When trimming unallocated space, btrfs_trim_fs() holds device_list_mutex
for the entire duration while iterating through all devices. On large
filesystems with significant unallocated space, this operation can take
minutes to hours on large storage systems.
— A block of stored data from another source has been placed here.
text \<open>The arbitrary choices of BudgetFPT, modelled as choice functions of the current
  state (current edge set, remaining entry nodes, remaining budget): pick chooses the
  remaining entry node s1, sp chooses a shortest path from s1 to DA (if one exists).\<close>
definition valid_choices ::
  "'v \<Rightarrow> (('v \<times> 'v) set \<Rightarrow> 'v set \<Rightarrow> nat \<Rightarrow> 'v) \<Rightarrow> (('v \<times> 'v) set \<Rightarrow> 'v set \<Rightarrow> nat \<Rightarrow> 'v list) \<Rightarrow> bool" where
  "valid_choices DA pick sp \<longleftrightarrow>
     (\<forall>E S b. S \<noteq> {} \<longrightarrow> pick E S b \<in> S \<and>
        (dist E (pick E S b) DA \<noteq> \<infinity> \<longrightarrow>
           is_path E (sp E S b) (pick E S b) DA \<and>
           enat (length (sp E S b) - 1) = dist E (pick E S b) DA))"

text \<open>Result: (value, cost). Every call is
  charged |V| + |E| (current graph), accounting for the breadth-first search /
  shortest-path computation and building the graph of the call. s0 is the original
  number s of entry nodes. The guard "finite S and u in S" only serves totality; it
  always holds for valid choices.\<close>
function budget_fpt ::
  "'v set \<Rightarrow> ('v \<times> 'v) set \<Rightarrow> 'v \<Rightarrow> (enat \<Rightarrow> real) \<Rightarrow> nat \<Rightarrow>
   (('v \<times> 'v) set \<Rightarrow> 'v set \<Rightarrow> nat \<Rightarrow> 'v) \<Rightarrow> (('v \<times> 'v) set \<Rightarrow> 'v set \<Rightarrow> nat \<Rightarrow> 'v list) \<Rightarrow>
   ('v \<times> 'v) set \<Rightarrow> 'v set \<Rightarrow> nat \<Rightarrow> real \<times> nat" where
  "budget_fpt V Eb DA f s0 pick sp E S b =
    (if b = 0 then ((\<Sum>u\<in>S. f (dist E u DA)) / real s0, card V + card E)
     else if S = {} then (0, card V + card E)
     else
       (let u = pick E S b;
            p = (if dist E u DA = \<infinity> then [] else sp E S b);
            blk = remdups (filter (\<lambda>e. e \<in> Eb) (zip p (tl p)));
            r0 = (if finite S \<and> u \<in> S then budget_fpt V Eb DA f s0 pick sp E (S - {u}) b
                  else (0, 0));
            rs = map (\<lambda>e. budget_fpt V Eb DA f s0 pick sp (E - {e}) S (b - 1)) blk
        in (Min (set ((fst r0 + f (dist E u DA) / real s0) # map fst rs)),
            card V + card E + snd r0 + sum_list (map snd rs))))"
  by pat_completeness auto
termination
  by (relation "measure (\<lambda>(V, Eb, DA, f, s0, pick, sp, E, S, b). b + card S)")
     (auto simp: card_gt_0_iff)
This causes a problem because btrfs_run_dev_stats(), which is called
during transaction commit, also requires device_list_mutex:

  btrfs_trim_fs()
    mutex_lock(&fs_devices->device_list_mutex)
    list_for_each_entry(device, ...)
      btrfs_trim_free_extents(device)
    mutex_unlock(&fs_devices->device_list_mutex)

  commit_transaction()
    btrfs_run_dev_stats()
      mutex_lock(&fs_devices->device_list_mutex)  // blocked!
      ...

While trim is running, all transaction commits are blocked waiting for
the mutex.

Fix this by refactoring btrfs_trim_free_extents() to process devices in
bounded chunks (up to 2GB per iteration) and release device_list_mutex
between chunks.

Signed-off-by: robbieko <robbieko@synology.com>
Signed-off-by: jinbaohong <jinbaohong@synology.com>
---
 fs/btrfs/extent-tree.c | 160 +++++++++++++++++++++++++++++++++++------
 1 file changed, 138 insertions(+), 22 deletions(-)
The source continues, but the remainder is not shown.